Выбери любимый жанр

Жан-Кристоф. Том I - Роллан Ромен - Страница 5


Изменить размер шрифта:

5

В иные дни, улучив минуту, когда мать чем-нибудь занята, Кристоф удирает из дому. На первых порах за ним бежали, ловили его, приводили назад. Потом привыкли: пусть себе бродит, лишь бы не уходил далеко. Дом стоит на самой окраине, почти сейчас же за ним начинаются поля. Пока Кристофа еще видно из окон, он идет, не останавливаясь, мерными шажками, по временам припрыгивая на одной ножке. Но за поворотом дороги, где его уже заслоняют кусты, он разом меняет свои повадки. Прежде всего он останавливается и, засунув палец в рот, соображает, какую сегодня рассказать себе историю. Этих историй у него огромный запас. Правда, все они очень похожи одна на другую, и каждая уместилась бы в трех-четырех строчках. Кристоф выбирает. Чаще всего он продолжает начатую вчера — или с того места, на котором остановился, или опять сначала, внося новые подробности; но довольно какого-нибудь пустяка, какого-нибудь мельком услышанного слова, чтобы мысль Кристофа устремилась по новому следу.

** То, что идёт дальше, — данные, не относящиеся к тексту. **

(* Let $p$ be a prime, $a$ an integer with $p\nmid a$, and $\chi$ a Dirichlet character modulo $p^m$ ($m\ge1$). Let $n\ge m$ and $k\ge0$ be integers with $\chi(-1)\ne(-1)^k$. If $p\ge5$, or $p\in\{2,3\}$ and $n\ge2$, then $$(1-\chi(a)a^{k+1})L(-k,\chi)\equiv\chi(a)a^k\sum_{j=1}^{p^n-1}\chi(j)j^k\left\lfloor\frac{ja}{p^n}\right\rfloor\pmod{p^n}.$$
   Context: $L(-k,\chi)=-B_{k+1,\chi}/(k+1)$ is the value of the Dirichlet $L$-function $L(s,\chi)=\sum_{n\ge1}\chi(n)n^{-s}$ at $s=-k$, where $\sum_{k\ge0}B_{k,\chi}t^k/k!=\sum_{a=1}^f\chi(a)te^{at}/(e^{ft}-1)$ for $\chi$ modulo $f$. $\lfloor x\rfloor$ is the floor function. All quantities lie in the cyclotomic field generated by the values of $\chi$; $x\equiv y\pmod{p^n}$ means $(x-y)/p^n$ is integral at every prime above $p$. *)

theory Defs
  imports Complex_Main "HOL-Computational_Algebra.Computational_Algebra"
begin

definition dirichlet_char :: "int \<Rightarrow> (int \<Rightarrow> complex) \<Rightarrow> bool" where
  "dirichlet_char N \<chi> \<longleftrightarrow> N \<ge> 1 \<and> \<chi> 1 = 1 \<and>
     (\<forall>x y. \<chi> (x * y) = \<chi> x * \<chi> y) \<and>
     (\<forall>x. \<chi> (x + N) = \<chi> x) \<and>
     (\<forall>x. \<chi> x \<noteq> 0 \<longleftrightarrow> coprime x N)"

definition gen_bernoulli :: "(int \<Rightarrow> complex) \<Rightarrow> nat \<Rightarrow> nat \<Rightarrow> complex" where
  "gen_bernoulli \<chi> f k = fact k * fps_nth
     ((\<Sum>a=1..f. fps_const (\<chi> (int a)) * fps_X * fps_exp (of_nat a))
        / (fps_exp (of_nat f) - 1)) k"
(* Let $G$ be a mean-payoff game with limited-observation and $\Gamma_G$ its associated reachability game. If Eve (respectively Adam) has a winning strategy in $\Gamma_G$, then Eve (respectively Adam) has a winning observation-based strategy with finite memory in $G$.
   Context: An MPG with limited-observation is a tuple $G=\langle Q,q_I,\Sigma,\Delta,w,Obs\rangle$: $Q$ finite set of states, $q_I\in Q$, $\Sigma$ finite set of actions, $\Delta\subseteq Q\times\Sigma\times Q$ total, $w:\Delta\to\mathbb{Z}$, $Obs$ a partition of $Q$, with $\{q_I\}\in Obs$ and, for each $o\in Obs,\sigma\in\Sigma$, $\mathrm{post}_\sigma(o)=\{q':\exists q\in o,(q,\sigma,q')\in\Delta\}$ a union of elements of $Obs$. Abstract paths $o_0\sigma_0o_1\ldots$ ($o_i\in Obs$, with some transition under $\sigma_i$ from $o_i$ to $o_{i+1}$), concrete paths $\gamma(\psi)$ (sequences $q_0\sigma_0q_1\ldots$ with $q_i\in o_i$, $(q_i,\sigma_i,q_{i+1})\in\Delta$), plays (infinite abstract paths starting at $\{q_I\}$), $\mathrm{Prefs}(G)$ (finite prefixes of plays ending in an observation), $\underline{MP}(\pi)=\liminf_n\frac1n\sum_{i<n}w(q_i,\sigma_i,q_{i+1})$. A play $\psi$ is winning for Eve if $\underline{MP}(\pi)\ge0$ for all $\pi\in\gamma(\psi)$, else for Adam. Observation-based strategies: for Eve $\lambda_\exists:\mathrm{Prefs}(G)\to\Sigma$; for Adam $\lambda_\forall:\mathrm{Prefs}(G)\times\Sigma\to Obs$ with $\lambda_\forall(o_0\ldots o_n,\sigma)\cap\mathrm{post}_\sigma(o_n)\ne\emptyset$; consistency as usual; winning if all consistent plays are winning. Eve's strategy has memory $m$ if there are $M$ with $|M|=m$, $m_0\in M$, $\alpha_u:M\times Obs\to M$, $\alpha_o:M\times Obs\to\Sigma$ with $\lambda_\exists(o_0\sigma_0\ldots o_n)=\alpha_o(m_n,o_n)$, $m_{i+1}=\alpha_u(m_i,o_i)$; Adam's has memory $m$ if there are $M$, $m_0$, $\alpha_u:M\times Obs\times\Sigma\to M$, $\alpha_o:M\times Obs\times\Sigma\to Obs$ with $\lambda_\forall(o_0\sigma_0\ldots o_n,\sigma_n)=\alpha_o(m_n,o_n,\sigma_n)$, $m_{i+1}=\alpha_u(m_i,o_i,\sigma_i)$. Finite memory means memory $m$ for some finite $m$. Reachability game $\Gamma_G$: let $\mathcal{F}$ be the set of functions $f:Q\to\mathbb{Z}\cup\{+\infty,\bot\}$, $\mathrm{supp}(f)=\{q:f(q)\ne\bot\}$. $f'$ is a $\sigma$-successor of $f$ if $\mathrm{supp}(f')\in Obs$, $\mathrm{supp}(f')\subseteq\mathrm{post}_\sigma(\mathrm{supp}(f))$, and for every $q\in\mathrm{supp}(f')$, $f'(q)$ equals either $\min\{f(q')+w(q',\sigma,q): q'\in\mathrm{supp}(f),(q',\sigma,q)\in\Delta\}$ or $+\infty$. For $k\in\mathbb{N}$, $f\preceq_k f'$ iff $\mathrm{supp}(f)=\mathrm{supp}(f')$ and $f(q)+k\le f'(q)$ for all $q\in\mathrm{supp}(f)$ (with $+\infty+k=+\infty$). Let $f_I(q_I)=0$ and $f_I(q)=\bot$ for $q\ne q_I$. $\Pi_G$ is the set of sequences $f_0\sigma_0f_1\ldots\sigma_{n-1}f_n$ with $f_0=f_I$, each $f_{i+1}$ a $\sigma_i$-successor of $f_i$, and for all $0\le i<j<n$: $f_i\not\preceq_0 f_j$ and $f_j\not\preceq_1 f_i$. $\mathcal{T}_\exists$ is the set of such sequences with $f_i\preceq_0 f_n$ for some $i<n$; $\mathcal{T}_\forall$ is the set of such sequences with, for some $i<n$, $f_n\preceq_1 f_i$ and $f_i(q)\ne+\infty$ for some $q\in\mathrm{supp}(f_i)$. $\Gamma_G$ is played from the sequence $f_I$: at the current sequence $x$, Eve chooses $\sigma\in\Sigma$ and Adam chooses $f$ with $x\sigma f\in\Pi_G$; the game stops when the current sequence lies in $\mathcal{T}_\exists$ (Eve wins) or in $\mathcal{T}_\forall$ (Adam wins). A strategy in $\Gamma_G$ (a function from histories to actions for Eve, to successor sequences for Adam) is winning for Eve (Adam) if every play consistent with it reaches $\mathcal{T}_\exists$ ($\mathcal{T}_\forall$). *)

theory Defs
  imports Complex_Main "HOL-Library.Extended_Real"
begin

record ('q, 'a) mpg =
  states :: "'q set"
  init   :: "'q"
  acts   :: "'a set"
  trans  :: "('q \<times> 'a \<times> 'q) set"
  weight :: "'q \<Rightarrow> 'a \<Rightarrow> 'q \<Rightarrow> int"
  obs    :: "'q set set"

definition post :: "('q, 'a) mpg \<Rightarrow> 'a \<Rightarrow> 'q set \<Rightarrow> 'q set" where
  "post G \<sigma> S = {q'. \<exists>q\<in>S. (q, \<sigma>, q') \<in> trans G}"

definition mpg_lo :: "('q, 'a) mpg \<Rightarrow> bool" where
  "mpg_lo G \<longleftrightarrow>
     finite (states G) \<and> init G \<in> states G \<and> finite (acts G) \<and> acts G \<noteq> {} \<and>
     trans G \<subseteq> states G \<times> acts G \<times> states G \<and>
     (\<forall>q\<in>states G. \<forall>\<sigma>\<in>acts G. \<exists>q'. (q, \<sigma>, q') \<in> trans G) \<and>
     (\<forall>ob\<in>obs G. ob \<noteq> {} \<and> ob \<subseteq> states G) \<and> \<Union>(obs G) = states G \<and>
     (\<forall>o1\<in>obs G. \<forall>o2\<in>obs G. o1 \<noteq> o2 \<longrightarrow> o1 \<inter> o2 = {}) \<and>
     {init G} \<in> obs G \<and>
     (\<forall>ob\<in>obs G. \<forall>\<sigma>\<in>acts G. \<exists>S\<subseteq>obs G. post G \<sigma> ob = \<Union>S)"

definition is_play :: "('q, 'a) mpg \<Rightarrow> (nat \<Rightarrow> 'q set) \<Rightarrow> (nat \<Rightarrow> 'a) \<Rightarrow> bool" where
  "is_play G os as \<longleftrightarrow> os 0 = {init G} \<and>
     (\<forall>i. os i \<in> obs G \<and> as i \<in> acts G \<and>
          (\<exists>q\<in>os i. \<exists>q'\<in>os (Suc i). (q, as i, q') \<in> trans G))"

definition is_concrete :: "('q, 'a) mpg \<Rightarrow> (nat \<Rightarrow> 'q set) \<Rightarrow> (nat \<Rightarrow> 'a) \<Rightarrow> (nat \<Rightarrow> 'q) \<Rightarrow> bool" where
  "is_concrete G os as qs \<longleftrightarrow> (\<forall>i. qs i \<in> os i \<and> (qs i, as i, qs (Suc i)) \<in> trans G)"

definition mp_inf :: "('q, 'a) mpg \<Rightarrow> (nat \<Rightarrow> 'a) \<Rightarrow> (nat \<Rightarrow> 'q) \<Rightarrow> ereal" where
  "mp_inf G as qs = Liminf sequentially
     (\<lambda>n. ereal ((\<Sum>i<n. real_of_int (weight G (qs i) (as i) (qs (Suc i)))) / real n))"

definition eve_wins_play :: "('q, 'a) mpg \<Rightarrow> (nat \<Rightarrow> 'q set) \<Rightarrow> (nat \<Rightarrow> 'a) \<Rightarrow> bool" where
  "eve_wins_play G os as \<longleftrightarrow> (\<forall>qs. is_concrete G os as qs \<longrightarrow> mp_inf G as qs \<ge> 0)"

text \<open>Prefs(G): a prefix o_0 sigma_0 ... o_n is a pair (list of n+1 observations,
  list of n actions) which is the prefix of some play.\<close>
definition is_pref :: "('q, 'a) mpg \<Rightarrow> 'q set list \<Rightarrow> 'a list \<Rightarrow> bool" where
  "is_pref G ol al \<longleftrightarrow> (\<exists>os as. is_play G os as \<and>
     ol = map os [0..<Suc (length al)] \<and> al = map as [0..<length al])"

Любая случайность открывает перед ним целые богатства. Трудно даже себе представить, как много может подсказать какая-нибудь щепка или обломанная веточка, — их всегда сколько угодно валяется вдоль изгородей (а если не валяется, так можно отломить). Это волшебная палочка. Если она длинная и прямая, она превращается в копье или шпагу; достаточно ею взмахнуть — и возникает войско. Кристоф — генерал; он марширует во главе своих полков, он их ведет, он бросается в атаку на ближайший пригорок. Если веточка тонкая и гибкая, она превращается в хлыстик. И вот уже Кристоф мчится верхом, перелетая через пропасти. Бывает, что конь спотыкается на всем скаку, и всадник, очутившись в канаве, не без смущения разглядывает свои перепачканные руки и расцарапанные колени. Если палочка коротенькая, Кристоф становится дирижером. Он и дирижер и оркестр одновременно: машет палочкой и распевает во все горло; а потом раскланивается перед кустами, которые при каждом порыве ветра кивают ему своими зелеными головками.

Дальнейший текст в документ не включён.